В связи с нападением Германии на СССР советское правительство 7 июля 1941 г. направило ноту посольству Японии в Москве, В которой извещало об установлении Советским Союзом на Дальнем Востоке специальных зон, представляющих опасность для навигации. Установление зон объяснялось необходимостью оборонительных мер против неоднократных рейдов в этот район немецких военных судов[386].

18 июля заместитель министра иностранных дел Японии Т. Охаси вручил ответную ноту полпреду СССР в Токио Сметанину с протестом против этих мер советского правительства.

Протест своего правительства Охаси мотивировал тем, что введение этих зон нарушает безопасность навигации японских судов, курсирующих между Японией и Владивостоком, и наносит удар по японскому рыболовству у берегов Кореи, а установленные в зонах плавучие мины при их неизбежном дрейфе создают опасность для японского судоходства в целом.

В связи с этим в ноте содержалось не только требование отменить объявленные меры, но и предупреждение, что Япония оставляет за собой право предпринять любую необходимую акцию для сохранения спокойствия в водах Дальнего Востока.

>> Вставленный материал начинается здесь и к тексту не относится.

text \<open>Distances in both chains are explicit. To go from hexagon \<open>i\<close> to hexagon \<open>j > i\<close>
  one walks inside hexagon \<open>i\<close> to its exit \<open>t\<^sub>i\<^sub>+\<^sub>1\<close>, crosses the \<open>j - i\<close> links (of
  length 1 for a cut-edge, 0 after the squeeze), traverses every hexagon \<open>k\<close> strictly in
  between at cost \<open>gap k = d(c\<^sub>k, t\<^sub>k\<^sub>+\<^sub>1)\<close>, and finally walks inside hexagon \<open>j\<close> from \<open>c\<^sub>j\<close>.
  Summing over all pairs, every term except the gaps is the same for all chains. Adding the
  hexagons one at a time, this gives \<open>W(polyphenyl) = \<alpha>\<^sub>n + 36 X\<close> and
  \<open>W(spiro) = \<beta>\<^sub>n + 25 X\<close> for one and the same quantity \<open>X = \<Sum>\<^sub>i\<^sub><\<^sub>k\<^sub><\<^sub>m gap k\<close> of the
  chain. Both Wiener indices are therefore strictly increasing functions of \<open>X\<close>, so a chain
  and its squeeze have the same rank. The constant chains with gaps 1, 2, 3 show that \<open>X\<close>
  takes at least three values.\<close>

definition cyc_dist :: "nat \<Rightarrow> nat \<Rightarrow> nat" where
  "cyc_dist a b = min ((a + 6 - b) mod 6) ((b + 6 - a) mod 6)"

lemma less_6_cases: "a < (6::nat) \<Longrightarrow> a = 0 \<or> a = 1 \<or> a = 2 \<or> a = 3 \<or> a = 4 \<or> a = 5"
  by auto

lemma cyc_dist_commute: "cyc_dist a b = cyc_dist b a"
  by (simp add: cyc_dist_def min.commute)

lemma cyc_dist_self [simp]: "cyc_dist a a = 0"
  by (simp add: cyc_dist_def)

lemma cyc_dist_le_3:
  assumes "a < 6" "b < 6" shows "cyc_dist a b \<le> 3"
  using less_6_cases[OF assms(1)] less_6_cases[OF assms(2)] by (elim disjE) (simp_all add: cyc_dist_def)

lemma cyc_dist_Suc_le:
  assumes "p < 6" "b < 6" shows "cyc_dist p (Suc b mod 6) \<le> cyc_dist p b + 1"
  using less_6_cases[OF assms(1)] less_6_cases[OF assms(2)] by (elim disjE) (simp_all add: cyc_dist_def)

lemma cyc_dist_le_Suc:
  assumes "p < 6" "b < 6" shows "cyc_dist p b \<le> cyc_dist p (Suc b mod 6) + 1"
  using less_6_cases[OF assms(1)] less_6_cases[OF assms(2)] by (elim disjE) (simp_all add: cyc_dist_def)

lemma cyc_dist_hex_adj:
  assumes "hex_adj (j, b) (j', b')" "p < 6" "b < 6" "b' < 6"
  shows "cyc_dist p b' \<le> cyc_dist p b + 1"
  using assms cyc_dist_Suc_le[of p b] cyc_dist_le_Suc[of p b'] by (auto simp: hex_adj_def)

lemma cyc_dist_descent:
  assumes "p < 6" "b < 6" "p \<noteq> b"
  shows "\<exists>b'<6. hex_adj (j, b') (j, b) \<and> cyc_dist p b' + 1 = cyc_dist p b
                \<and> cyc_dist b' p + 1 = cyc_dist b p"
proof -
  define b' where "b' = (if (p + 6 - b) mod 6 \<le> 3 then Suc b mod 6 else (b + 5) mod 6)"
  have "b' < 6 \<and> (b' = Suc b mod 6 \<or> b = Suc b' mod 6) \<and> cyc_dist p b' + 1 = cyc_dist p b"
    using less_6_cases[OF assms(1)] less_6_cases[OF assms(2)] assms(3) unfolding b'_def
    by (elim disjE) (simp_all add: cyc_dist_def)
  then show ?thesis by (auto simp: hex_adj_def cyc_dist_commute)
qed

lemma cyc_dist_sum:
  assumes "p < 6" shows "(\<Sum>b<6. cyc_dist p b) = 9"
  using less_6_cases[OF assms] by (elim disjE) (simp_all add: cyc_dist_def lessThan_nat_numeral)

lemma cyc_dist_sum': "p < 6 \<Longrightarrow> (\<Sum>b<6. cyc_dist b p) = 9"
  using cyc_dist_sum[of p] by (simp add: cyc_dist_commute)

lemma walk_len_in: "walk_len V E m u v \<Longrightarrow> u \<in> V \<and> v \<in> V"
  by (induction rule: walk_len.induct) auto

lemma walk_len_potential_le:
  assumes lip: "\<And>x y. x \<in> V \<Longrightarrow> y \<in> V \<Longrightarrow> E x y \<Longrightarrow> f y \<le> f x + 1"
    and "walk_len V E m u v"
  shows "f v \<le> f u + m"
  using assms(2)
proof (induction rule: walk_len.induct)
  case (wlS m u w v)
  have "w \<in> V" using walk_len_in[OF wlS.hyps(1)] by blast
  then have "f v \<le> f w + 1" using lip wlS.hyps(2,3) by blast
  with wlS.IH show ?case by simp
qed simp

lemma walk_len_potential:
  assumes u: "u \<in> V" and f0: "f u = 0"
    and pred: "\<And>v. v \<in> V \<Longrightarrow> v \<noteq> u \<Longrightarrow> \<exists>y\<in>V. E y v \<and> f y + 1 = f v"
  shows "v \<in> V \<Longrightarrow> walk_len V E (f v) u v"
proof (induction "f v" arbitrary: v)
  case 0
  have "v = u"
  proof (rule ccontr)
    assume "v \<noteq> u"
    then obtain y where "f y + 1 = f v" using pred[OF 0(2)] by blast
    with 0(1) show False by simp
  qed
  then show ?case using u 0(1) walk_len.wl0 by metis
next
  case (Suc m)
  then have "v \<noteq> u" using f0 by auto
  then obtain y where y: "y \<in> V" "E y v" "f y + 1 = f v" using pred[OF Suc(3)] by blast
  then have "walk_len V E (f y) u y" using Suc by simp
  then show ?case using y Suc(3) walk_len.wlS by fastforce
qed

lemma gdist_eq_potential:
  assumes "u \<in> V" "f u = 0"
    and "\<And>x y. x \<in> V \<Longrightarrow> y \<in> V \<Longrightarrow> E x y \<Longrightarrow> f y \<le> f x + 1"
    and "\<And>v. v \<in> V \<Longrightarrow> v \<noteq> u \<Longrightarrow> \<exists>y\<in>V. E y v \<and> f y + 1 = f v"
    and "v \<in> V"
  shows "gdist V E u v = f v"
  unfolding gdist_def
proof (rule Least_equality)
  show "walk_len V E (f v) u v" by (rule walk_len_potential[OF assms(1,2,4,5)])
  show "f v \<le> m" if "walk_len V E m u v" for m
    using walk_len_potential_le[where f = f, OF assms(3) that] assms(2) by simp
qed

definition gap :: "(nat \<Rightarrow> nat) \<Rightarrow> (nat \<Rightarrow> nat) \<Rightarrow> nat \<Rightarrow> nat" where
  "gap c t k = cyc_dist (c k) (t (Suc k))"

definition gap_sum :: "(nat \<Rightarrow> nat) \<Rightarrow> (nat \<Rightarrow> nat) \<Rightarrow> nat \<Rightarrow> nat \<Rightarrow> nat" where
  "gap_sum c t p q = (\<Sum>k\<in>{p..<q}. gap c t k)"

text \<open>The candidate distance between \<open>(i, a)\<close> and \<open>(j, b)\<close>; \<open>e\<close> is the length of the link
  between consecutive hexagons: 1 for the polyphenyl chain, 0 for its squeeze.\<close>

definition chain_dist ::
    "nat \<Rightarrow> (nat \<Rightarrow> nat) \<Rightarrow> (nat \<Rightarrow> nat) \<Rightarrow> nat \<times> nat \<Rightarrow> nat \<times> nat \<Rightarrow> nat" where
  "chain_dist e c t x y =
     (if fst x = fst y then cyc_dist (snd x) (snd y)
      else if fst x < fst y then cyc_dist (snd x) (t (Suc (fst x))) + e * (fst y - fst x)
             + gap_sum c t (Suc (fst x)) (fst y) + cyc_dist (c (fst y)) (snd y)
      else cyc_dist (snd y) (t (Suc (fst y))) + e * (fst x - fst y)
             + gap_sum c t (Suc (fst y)) (fst x) + cyc_dist (c (fst x)) (snd x))"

26 июля советская сторона направила еще одну ноту в МИД Японии, объяснив введение зон военной необходимостью и заверив Токио о своем стремлении не препятствовать японским судам в акватории, прилегающей к Владивостоку. В ноте отвергалось утверждение японской стороны об опасности установления этих зон для японского рыболовства на том основании, что они охватывают только прибрежные воды советского Дальнего Востока.

На это в ноте, незамедлительно врученной Сметанину заместителем министра иностранных дел Японии Э. Амау, были повторены прежние контраргументы Токио, содержалось утверждение, что угроза со стороны немецкого военно-морского флота является надуманной. В ноте предупреждалось, что в случае ущерба, который нанесут эти действия СССР, Япония потребует соответствующее возмещение.

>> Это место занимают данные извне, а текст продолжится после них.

(* Let $m\ge1$, $n\ge2$, let $\lvert\phi\rangle\in(\mathbb{C}^d)^{\otimes m}$ be a unit vector, and let $\lvert\psi\rangle\in(\mathbb{C}^d)^{\otimes n}$ be a unit vector with Schmidt decomposition $\lvert\psi\rangle=\sum_{i=1}^d\alpha_i\lvert w_i\rangle\lvert v_i\rangle$ (with $\alpha_i\ge0$, $\{\lvert w_i\rangle\}\subseteq\mathbb{C}^d$ and $\{\lvert v_i\rangle\}\subseteq(\mathbb{C}^d)^{\otimes n-1}$ orthonormal). Set $\rho:=\sum_{i=1}^d\alpha_i^2\lvert w_i\rangle\langle w_i\rvert\otimes\lvert v_i\rangle\langle v_i\rvert$ and $\lvert\psi'\rangle:=\lvert\phi\rangle\otimes\lvert\psi\rangle\in(\mathbb{C}^d)^{\otimes m+n}$, with the qudits of $\lvert\phi\rangle$ numbered $1,\ldots,m$ and those of $\lvert\psi\rangle$ numbered $m+1,\ldots,m+n$. Let $\Pi$ be a projector acting on a subset $\mathcal{S}\subseteq\{1,\ldots,m+n\}$ of the qudits (tensored with the identity elsewhere). If $\Pi$ crosses the Schmidt cut at qudit $m+1$, i.e. $m+1\in\mathcal{S}$ and $\mathcal{S}\cap\{m+2,\ldots,m+n\}\neq\emptyset$, then $\mathrm{Tr}(\Pi\,\lvert\phi\rangle\langle\phi\rvert\otimes\rho)\ge\frac1d\mathrm{Tr}(\Pi\lvert\psi'\rangle\langle\psi'\rvert)$. Otherwise $\mathrm{Tr}(\Pi\,\lvert\phi\rangle\langle\phi\rvert\otimes\rho)=\mathrm{Tr}(\Pi\lvert\psi'\rangle\langle\psi'\rvert)$. *)

theory Defs
  imports Complex_Main
begin

text \<open>Computational basis of (C^d)^{tensor k}: words of length k over {0..<d}.
  Qudit number i (1-based) is the list position i-1.  A vector is a function
  from basis words to complex amplitudes; an operator is a matrix kernel
  indexed by pairs of basis words.\<close>

definition tup :: "nat \<Rightarrow> nat \<Rightarrow> nat list set" where
  "tup k d = {xs. length xs = k \<and> set xs \<subseteq> {..<d}}"

definition unit_vec :: "nat \<Rightarrow> nat \<Rightarrow> (nat list \<Rightarrow> complex) \<Rightarrow> bool" where
  "unit_vec k d v \<longleftrightarrow> (\<Sum>xs\<in>tup k d. (cmod (v xs))\<^sup>2) = 1"

definition loc_tup :: "nat set \<Rightarrow> nat \<Rightarrow> (nat \<Rightarrow> nat) set" where
  "loc_tup S d = {f. (\<forall>i\<in>S. f i < d) \<and> (\<forall>i. i \<notin> S \<longrightarrow> f i = 0)}"

definition restr :: "nat set \<Rightarrow> nat list \<Rightarrow> (nat \<Rightarrow> nat)" where
  "restr S xs = (\<lambda>i. if i \<in> S then xs ! (i - 1) else 0)"

definition is_projector_on :: "nat set \<Rightarrow> nat \<Rightarrow> ((nat \<Rightarrow> nat) \<Rightarrow> (nat \<Rightarrow> nat) \<Rightarrow> complex) \<Rightarrow> bool" where
  "is_projector_on S d P \<longleftrightarrow>
     (\<forall>f\<in>loc_tup S d. \<forall>g\<in>loc_tup S d. P f g = cnj (P g f)) \<and>
     (\<forall>f\<in>loc_tup S d. \<forall>g\<in>loc_tup S d. (\<Sum>h\<in>loc_tup S d. P f h * P h g) = P f g)"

Как показали дальнейшие события, эти предупреждения оказались небезосновательными. Уже 5 сентября Амау заявил протест в посольство СССР в Токио в связи с гибелью японского рыболовного судна, столкнувшегося с плавучей миной в Японском море, и потребовал как возмещения ущерба, так и отмены ограничительных зон.

Не дождавшись быстрого ответа советской стороны, 18 сентября он заявил, что все большее количество оторвавшихся от фалов советских плавучих мин появляется в открытом море, и вновь потребовал отмены указанных зон.

22 сентября Сметанин вручил ответную ноту советского правительства, в которой отвергался протест Токио и содержался отказ в компенсации как лишенный доказательств. В ноте указывалось, что минирование советских территориальных вод для предотвращения проникновения судов Германии, с которой СССР находится в состоянии войны, соответствует международному праву.

5 ноября произошел еще один серьезный инцидент – японский пароход «Киби-мару» по пути из Кореи в порт Цуруга столкнулся с плавучей миной на широте 40°41 северной широты 131° восточной долготы и пошел на дно со 156 пассажирами на борту. В связи с этим заместитель министра иностранных дел Японии X. Ниси вновь потребовал компенсации и отмены упомянутых зон.

В ответ Сметанин не согласился с утверждением собеседника, заявив, что это – лишь его предположение и что советские плавучие мины устроены так, что даже если они оторвутся от фалов, то будут совершенно безопасны. Он настаивал на том, что «Киби-мару» затонул в результате взрыва котла или контактной, а не плавучей мины, которые установлены в советских зонах.

Полпред высказал также предположение, что это японское судно было, возможно, пушено на дно преднамеренно ВМС третьей стороны с целью спровоцировать осложнения в советско-японских отношениях.

Несколько дней спустя МИД Японии представил посольству СССР в Токио ряд документов с маршрутами дрейфа советских плавучих мин и перечнем инцидентов, возникших в результате столкновения с ними японских судов, а также смету ущерба от гибели «Киби-мару» с требованием компенсации ущерба.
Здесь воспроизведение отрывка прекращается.